Penn Student Suicides Prompt Task Force Probe Of Campus Stress

The University of Pennsylvania on Wednesday announced a task force to examine stress and mental health on the Philadelphia campus, still mourning two students who committed suicide this year.

The new Task Force on Student Psychological Health and Welfare is to release recommendations "related to programs, policies, and practices designed to improve the quality" of student life in early 2015, the university said in a statement. It will be chaired by Rebecca Bushnell, former dean of the School of Arts and Sciences, and Anthony Rostain, director of education for the Department of Psychiatry.

The task force announcement comes after two freshmen committed suicide within three weeks since classes resumed in January, sparking questions in the Penn community whether the Ivy League school adequately deals with student stress, which has been raised as a factor in one of the deaths.

Madison Holleran, a 19-year-old freshman track star, jumped off a parking garage in Philadelphia on Jan. 17. Elvis Hatcher, an 18-year-old math whiz, hanged himself on Feb. 4. Two other Penn undergraduates died from unrelated causes since December.
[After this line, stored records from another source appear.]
(* Let $m\in[0,1]$, $n=\sqrt{1-m^2}$, and for $k\in[-\pi,\pi]$ define $\omega(k,m)=\arccos(n\cos k)\in[0,\pi]$, $\omega_{\rm D}=\sqrt{k^2+m^2}$, $v=\partial_k\omega=\frac{n\sin k}{\sin\omega}$, $v_{\rm D}=\frac{k}{\sqrt{k^2+m^2}}$, and $$\alpha(k,m):=\omega_{\rm D}-\omega,\qquad \beta(k,m):=\tfrac12\Big(1-v\,v_{\rm D}-\sqrt{(1-v^2)(1-v_{\rm D}^2)}\Big).$$ Let $0\le\bar k<\pi$. Then for every $m\in[0,1]$, $$\max_{k\in[-\bar k,\bar k]}|\alpha(k,m)|=\max_{k\in\{0,\bar k\}}|\alpha(k,m)|,\qquad \max_{k\in[-\bar k,\bar k]}|\beta(k,m)|=\max_{k\in\{0,\bar k\}}|\beta(k,m)|.$$
   Context: $\omega$ is the dispersion relation of the one-dimensional Dirac quantum cellular automaton with mass parameter $m$, $\omega_{\rm D}$ the Dirac dispersion relation (Planck units), and $v$, $v_{\rm D}$ the corresponding group velocities. *)

theory Defs
  imports Complex_Main
begin

definition qca_n :: "real \<Rightarrow> real" where
  "qca_n m = sqrt (1 - m\<^sup>2)"

definition qca_omega :: "real \<Rightarrow> real \<Rightarrow> real" where
  "qca_omega k m = arccos (qca_n m * cos k)"

definition dirac_omega :: "real \<Rightarrow> real \<Rightarrow> real" where
  "dirac_omega k m = sqrt (k\<^sup>2 + m\<^sup>2)"

definition qca_v :: "real \<Rightarrow> real \<Rightarrow> real" where
  "qca_v k m = qca_n m * sin k / sin (qca_omega k m)"

definition dirac_v :: "real \<Rightarrow> real \<Rightarrow> real" where
  "dirac_v k m = k / sqrt (k\<^sup>2 + m\<^sup>2)"

definition alpha :: "real \<Rightarrow> real \<Rightarrow> real" where
  "alpha k m = dirac_omega k m - qca_omega k m"

definition beta :: "real \<Rightarrow> real \<Rightarrow> real" where
  "beta k m = (1 - qca_v k m * dirac_v k m
      - sqrt ((1 - (qca_v k m)\<^sup>2) * (1 - (dirac_v k m)\<^sup>2))) / 2"

end

theory Submission
  imports Defs
begin

text \<open>Both \<open>\<alpha>\<close> and \<open>\<beta>\<close> are even in \<open>k\<close> and nondecreasing on \<open>[0, \<pi>)\<close>, so on
  \<open>[-r, r]\<close> with \<open>r < \<pi>\<close> their values lie between those at \<open>0\<close> and at \<open>r\<close>, and \<open>|\<alpha>|\<close>, \<open>|\<beta>|\<close> attain their
  maxima at one of these two points.
  For \<open>\<alpha>\<close> one has \<open>\<alpha>' = v\<^sub>D - v\<close>, and \<open>v \<le> v\<^sub>D\<close> because both velocities have the
  form \<open>x / \<surd>(x\<^sup>2 + m\<^sup>2)\<close>, with \<open>x = n sin k\<close> resp. \<open>x = k\<close>, and \<open>n sin k \<le> k\<close>.
  For \<open>\<beta>\<close> (with \<open>m > 0\<close>) write \<open>v = sin \<theta>\<close>, \<open>v\<^sub>D = sin \<theta>\<^sub>D\<close> with \<open>\<theta> = arctan (n sin k / m)\<close>
  and \<open>\<theta>\<^sub>D = arctan (k / m)\<close>; then \<open>\<beta> = (1 - cos (\<theta>\<^sub>D - \<theta>)) / 2\<close>, and \<open>\<theta>\<^sub>D - \<theta>\<close> is
  nondecreasing because \<open>n cos k (k\<^sup>2 + m\<^sup>2) \<le> m\<^sup>2 + n\<^sup>2 sin\<^sup>2 k\<close>. This last inequality follows
  from the Taylor bounds \<open>1 - k\<^sup>2/2 \<le> cos k\<close> and \<open>k\<^sup>2 cos k \<le> sin\<^sup>2 k\<close> (for \<open>0 \<le> k \<le> 2\<close>).\<close>

lemma cos_ge_one_minus_sq_half: "1 - x\<^sup>2 / 2 \<le> cos (x::real)"
proof -
  have "1 - x\<^sup>2 / 2 \<le> cos x" if "0 \<le> x" for x :: real
  proof -
    have "(\<lambda>t. cos t - 1 + t\<^sup>2 / 2) 0 \<le> (\<lambda>t. cos t - 1 + t\<^sup>2 / 2) x"
    proof (rule DERIV_nonneg_imp_nondecreasing[OF that])
      fix t :: real assume "0 \<le> t"
      then show "\<exists>y. ((\<lambda>t. cos t - 1 + t\<^sup>2 / 2) has_real_derivative y) (at t) \<and> 0 \<le> y"
        by (intro exI[of _ "t - sin t"]) (auto intro!: derivative_eq_intros simp: sin_x_le_x)
    qed
    then show ?thesis by simp
  qed
  from this[of x] this[of "-x"] show ?thesis by (cases "0 \<le> x") auto
qed

lemma sin_ge_x_minus_cube: "0 \<le> x \<Longrightarrow> x - x ^ 3 / 6 \<le> sin (x::real)"
proof -
  assume "0 \<le> x"
  have "(\<lambda>t. sin t - t + t ^ 3 / 6) 0 \<le> (\<lambda>t. sin t - t + t ^ 3 / 6) x"
  proof (rule DERIV_nonneg_imp_nondecreasing[OF \<open>0 \<le> x\<close>])
    fix t :: real
    show "\<exists>y. ((\<lambda>t. sin t - t + t ^ 3 / 6) has_real_derivative y) (at t) \<and> 0 \<le> y"
      using cos_ge_one_minus_sq_half[of t]
      by (intro exI[of _ "cos t - 1 + t\<^sup>2 / 2"]) (auto intro!: derivative_eq_intros)
  qed
  then show ?thesis by simp
qed

lemma cos_le_taylor_quartic: "cos (x::real) \<le> 1 - x\<^sup>2 / 2 + x ^ 4 / 24"
proof -
  have "cos x \<le> 1 - x\<^sup>2 / 2 + x ^ 4 / 24" if "0 \<le> x" for x :: real
  proof -
    have "(\<lambda>t. 1 - t\<^sup>2 / 2 + t ^ 4 / 24 - cos t) 0 \<le> (\<lambda>t. 1 - t\<^sup>2 / 2 + t ^ 4 / 24 - cos t) x"
    proof (rule DERIV_nonneg_imp_nondecreasing[OF that])
      fix t :: real assume "0 \<le> t"
      then show "\<exists>y. ((\<lambda>t. 1 - t\<^sup>2 / 2 + t ^ 4 / 24 - cos t) has_real_derivative y) (at t) \<and> 0 \<le> y"
        using sin_ge_x_minus_cube[of t]
        by (intro exI[of _ "sin t - t + t ^ 3 / 6"]) (auto intro!: derivative_eq_intros)
    qed
    then show ?thesis by simp
  qed
  from this[of x] this[of "-x"] show ?thesis by (cases "0 \<le> x") auto
qed

lemma sq_mult_cos_le_sin_sq:
  fixes x :: real
  assumes "0 \<le> x" "x \<le> 2"
  shows "x\<^sup>2 * cos x \<le> (sin x)\<^sup>2"
proof -
  have x2: "x\<^sup>2 \<le> 4" using assms power_mono[of x 2 2] by simp
  have "0 \<le> x - x ^ 3 / 6"
    using assms x2 mult_nonneg_nonneg[of x "1 - x\<^sup>2 / 6"] by (simp add: algebra_simps power2_eq_square power3_eq_cube)
  then have "(x - x ^ 3 / 6)\<^sup>2 \<le> (sin x)\<^sup>2"
    using sin_ge_x_minus_cube[OF assms(1)] by (simp add: power_mono)
  moreover have "x\<^sup>2 * cos x \<le> x\<^sup>2 * (1 - x\<^sup>2 / 2 + x ^ 4 / 24)"
    using cos_le_taylor_quartic[of x] by (simp add: mult_left_mono)
  moreover have "(x - x ^ 3 / 6)\<^sup>2 - x\<^sup>2 * (1 - x\<^sup>2 / 2 + x ^ 4 / 24) = x ^ 4 * (12 - x\<^sup>2) / 72"
    by (simp add: algebra_simps power2_eq_square power3_eq_cube power4_eq_xxxx)
  moreover have "0 \<le> x ^ 4 * (12 - x\<^sup>2) / 72" using x2 by simp
  ultimately show ?thesis by linarith
qed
The university's statement doesn't mention the student deaths, but comes as much of the campus continues mourning the loss of their classmates.

Holleran family friend Bob Weckworth told the New York Daily News Madison wasn't happy with her grades. Holleran's father, James, said to the New York Post, "There was a lot more pressure in the classroom at Penn. She wasn’t normal happy Madison. Now she had worries and stress."

According to the latest National College Health Assessment survey in spring 2013, 84 percent of American students said they felt overwhelmed by all the work at some point in the previous year, including 48 percent who felt that way in the previous two weeks. Seven percent seriously considered suicide, and 1.5 percent said they had attempted it in the previous 12 months.

Dr. Victor Schwartz, medical director of the Jed Foundation, which advocates for better suicide prevention services in colleges, said universities face a "very challenging balancing act" after student suicides.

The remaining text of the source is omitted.